After Outcry, Bhutanese Government Removes Street Artist Invader’s Work From Historic Buddhist Sites
Many locals were offended that the artist plastered mosaics to sacred buildings.
The French street artist Invader sparked outrage in recent weeks for plastering nearly a dozen of his mosaics, created in the style of pixelated vintage video games, onto historical Buddhist sites in Bhutan. While a number of observers, including many of Invader’s own followers on Instagram, found the action disrespectful, the artist told artnet News that he had permission from the “chief” monk to install at least one of the works, a mandala mosaic in Cheri Goemba—the oldest monastery in Bhutan.
Nevertheless, officials from the government’s cultural properties division have now taken down Invader’s works, which included a levitating monk, a dragon, and a target, according to Bhutan’s Kuensel newspaper. The monastery “is one of the most significant monasteries in the country,” Kuensel reports, and is currently undergoing renovations.
“It’s premature to say anything about the issue at this point,” home minister Dawa Gyaltshen told the paper. She said that the government was still investigating exactly how the street artist came to install the works at the sacred sites.
Neither Invader nor government officials returned requests for comment on the works’ removal.
The government’s decisive move was praised by a number of Bhutanese residents, including Instagram user @yoezer29 who posted the paper’s story to his Instagram Story account and wrote “Finally!

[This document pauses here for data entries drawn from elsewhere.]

lemma switching_conditions_of_main_assumption:
  fixes dd :: "nat \<Rightarrow> nat" and c \<delta> :: real
  assumes dd_pos: "\<forall>i\<in>{1..n}. 1 \<le> dd i" and S: "S \<subseteq> {1..n}" and v: "v \<in> S" and n: "3 \<le> n"
    and \<delta>: "\<delta> < c / 8" and c: "0 < c"
    and \<gamma>: "real (sum dd S) / real (sum dd {1..n}) < 1 - c"
    and main: "(real D)\<^sup>2 * (ln (real (sum dd {1..n}))
        / (real (sum dd S) / real (sum dd {1..n}))) ^ 12
      \<le> \<delta> * real (sum dd S)"
  shows "8 * (real D)\<^sup>2 \<le> c * real (sum dd S)"
    and "c * real (sum dd S) \<le> real (sum dd ({1..n} - S))"
    and "c \<le> 1"
proof -
  define M dS dSbar where "M = real (sum dd {1..n})" and "dS = real (sum dd S)"
    and "dSbar = real (sum dd ({1..n} - S))"
  have fin_S: "finite S"
    using finite_subset[OF S finite_atLeastAtMost] .
  have "dd v \<le> sum dd S" "1 \<le> dd v"
    using member_le_sum[OF v _ fin_S, of dd] dd_pos subsetD[OF S v] by auto
  then have dS_pos: "1 \<le> dS"
    unfolding dS_def by (simp del: of_nat_sum)
  have "sum dd {1..n} = sum dd S + sum dd ({1..n} - S)"
    using sum.subset_diff[OF S finite_atLeastAtMost, of dd] by simp
  then have M_split: "M = dS + dSbar"
    unfolding M_def dS_def dSbar_def by (metis of_nat_add)
  have dSbar_nonneg: "0 \<le> dSbar"
    unfolding dSbar_def by (simp del: of_nat_sum)
  have "n \<le> sum dd {1..n}"
    using sum_mono[of "{1..n}" "\<lambda>_. 1" dd] dd_pos by simp
  then have "real n \<le> M"
    unfolding M_def by (simp only: of_nat_le_iff)
  moreover have "exp 1 \<le> real n"
    using exp_le n by simp
  ultimately have "exp 1 \<le> M"
    by linarith
  then have M_pos: "0 < M"
    using exp_gt_zero[of 1] by linarith
  then have "1 \<le> ln M"
    using \<open>exp 1 \<le> M\<close> by (simp add: ln_ge_iff)
  moreover have \<gamma>_pos: "0 < dS / M" and "dS / M \<le> 1"
    using dS_pos dSbar_nonneg M_split M_pos by (simp_all add: divide_le_eq)
  ultimately have "(real D)\<^sup>2 \<le> c / 8 * dS"
    using main[folded M_def dS_def] \<delta> dS_pos
    by (intro sq_le_of_main_assumption[where L = "ln M" and \<gamma> = "dS / M" and \<delta> = \<delta>]) auto
  then show "8 * (real D)\<^sup>2 \<le> c * real (sum dd S)"
    unfolding dS_def by simp
  have "dS < (1 - c) * M"
    using \<gamma> M_pos unfolding M_def dS_def by (simp add: divide_less_eq)
  then have "c * dS < (1 - c) * dSbar"
    using M_split by (simp add: algebra_simps)
  moreover have "0 \<le> c * dSbar"
    using c dSbar_nonneg by simp
  ultimately show "c * real (sum dd S) \<le> real (sum dd ({1..n} - S))"
    unfolding dS_def dSbar_def by (simp add: algebra_simps)
  show "c \<le> 1"
    using \<gamma> \<gamma>_pos unfolding M_def dS_def by linarith
qed

theorem lemma3p1:
  fixes d :: "nat \<Rightarrow> nat \<Rightarrow> nat" and S :: "nat \<Rightarrow> nat set"
    and \<delta> :: "nat \<Rightarrow> real" and c :: real
    and M \<Delta> dS dSbar :: "nat \<Rightarrow> real" and \<gamma> :: "nat \<Rightarrow> real"
  defines "M \<equiv> (\<lambda>n. real (\<Sum>i\<in>{1..n}. d n i))"
      and "\<Delta> \<equiv> (\<lambda>n. real (d n n))"
      and "dS \<equiv> (\<lambda>n. real (\<Sum>i\<in>S n. d n i))"
      and "dSbar \<equiv> (\<lambda>n. real (\<Sum>i\<in>{1..n} - S n. d n i))"
      and "\<gamma> \<equiv> (\<lambda>n. dS n / M n)"
  assumes d_pos: "\<And>n i. i \<in> {1..n} \<Longrightarrow> 1 \<le> d n i"
    and d_mono: "\<And>n i j. 1 \<le> i \<Longrightarrow> i \<le> j \<Longrightarrow> j \<le> n \<Longrightarrow> d n i \<le> d n j"
    and d_even: "\<And>n. even (\<Sum>i\<in>{1..n}. d n i)"
    and S_sub: "\<And>n. S n \<subseteq> {1..n}"
    and \<delta>_pos: "\<forall>\<^sub>F n in sequentially. \<delta> n > 0"
    and \<delta>_lim: "\<delta> \<longlonglongrightarrow> 0"
    and \<delta>_inv: "(\<lambda>n. 1 / \<delta> n) \<in> O(\<lambda>n. ln (ln (M n)))"
    and main_ass: "\<forall>\<^sub>F n in sequentially.
        (\<Delta> n)\<^sup>2 * (ln (M n) / \<gamma> n) ^ 12 \<le> \<delta> n * dS n"
    and c_pos: "c > 0"
    and \<gamma>_bound: "\<forall>\<^sub>F n in sequentially. \<gamma> n < 1 - c"
  shows "\<exists>C. \<forall>\<^sub>F n in sequentially. \<forall>v\<in>S n. \<forall>i<d n v.
     \<bar>real (card (A_set n (d n) (S n) v i)) / real (card (A_set n (d n) (S n) v (i + 1)))
        - (real (i + 1) / real (d n v - i)) * (dSbar n / dS n)\<bar>
     \<le> C * ((real (i + 1) / real (d n v - i)) * (dSbar n / dS n)) * ((\<Delta> n)\<^sup>2 / dS n)"
proof -
  have "\<forall>\<^sub>F n in sequentially. 3 \<le> n \<and> \<delta> n < c / 8 \<and> \<gamma> n < 1 - c
      \<and> (\<Delta> n)\<^sup>2 * (ln (M n) / \<gamma> n) ^ 12 \<le> \<delta> n * dS n"
    using eventually_ge_at_top order_tendstoD(2)[OF \<delta>_lim, of "c / 8"] \<gamma>_bound main_ass c_pos
    by (intro eventually_conj) simp_all
  then show ?thesis
  proof (intro exI[of _ "8 + 4 / c"], elim eventually_mono, intro ballI allI impI)
    fix n v i
    assume H: "3 \<le> n \<and> \<delta> n < c / 8 \<and> \<gamma> n < 1 - c \<and> (\<Delta> n)\<^sup>2 * (ln (M n) / \<gamma> n) ^ 12 \<le> \<delta> n * dS n"
      and v: "v \<in> S n" and i: "i < d n v"
    have d_le: "\<forall>x\<in>{1..n}. d n x \<le> d n n"
      using d_mono by auto
    note conditions =
      switching_conditions_of_main_assumption[OF _ S_sub v _ _ c_pos, of "d n" "\<delta> n" "d n n"]
    from card_A_set_ratio_bound[OF S_sub v i d_le d_even c_pos conditions(3,1,2)]
    show "\<bar>real (card (A_set n (d n) (S n) v i)) / real (card (A_set n (d n) (S n) v (i + 1)))
        - (real (i + 1) / real (d n v - i)) * (dSbar n / dS n)\<bar>
      \<le> (8 + 4 / c) * ((real (i + 1) / real (d n v - i)) * (dSbar n / dS n)) * ((\<Delta> n)\<^sup>2 / dS n)"
      using H d_pos unfolding M_def \<Delta>_def dS_def dSbar_def \<gamma>_def by simp
  qed
qed

end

Thank goodness. #invadershouldnotbehere.”
Other fans, however, are disappointed at the removal of the works. “We were worried that people might steal the installations to sell them, but for it to be vandalized like this is so saddening but also embarrassing for us as a nation,” wrote the photographer Pawo Choyning Dorji on Instagram.
Invader defended himself against critics on January 30, when he penned his own Instagram message: “I know that some people will scream that it is disrespectful to have practiced my art in Bhutan. Personally I don’t think so! My practice tells a story, and I don’t know why I should deprive Bhutan from this story. I’m proud to have left my trace in that wonderful country.”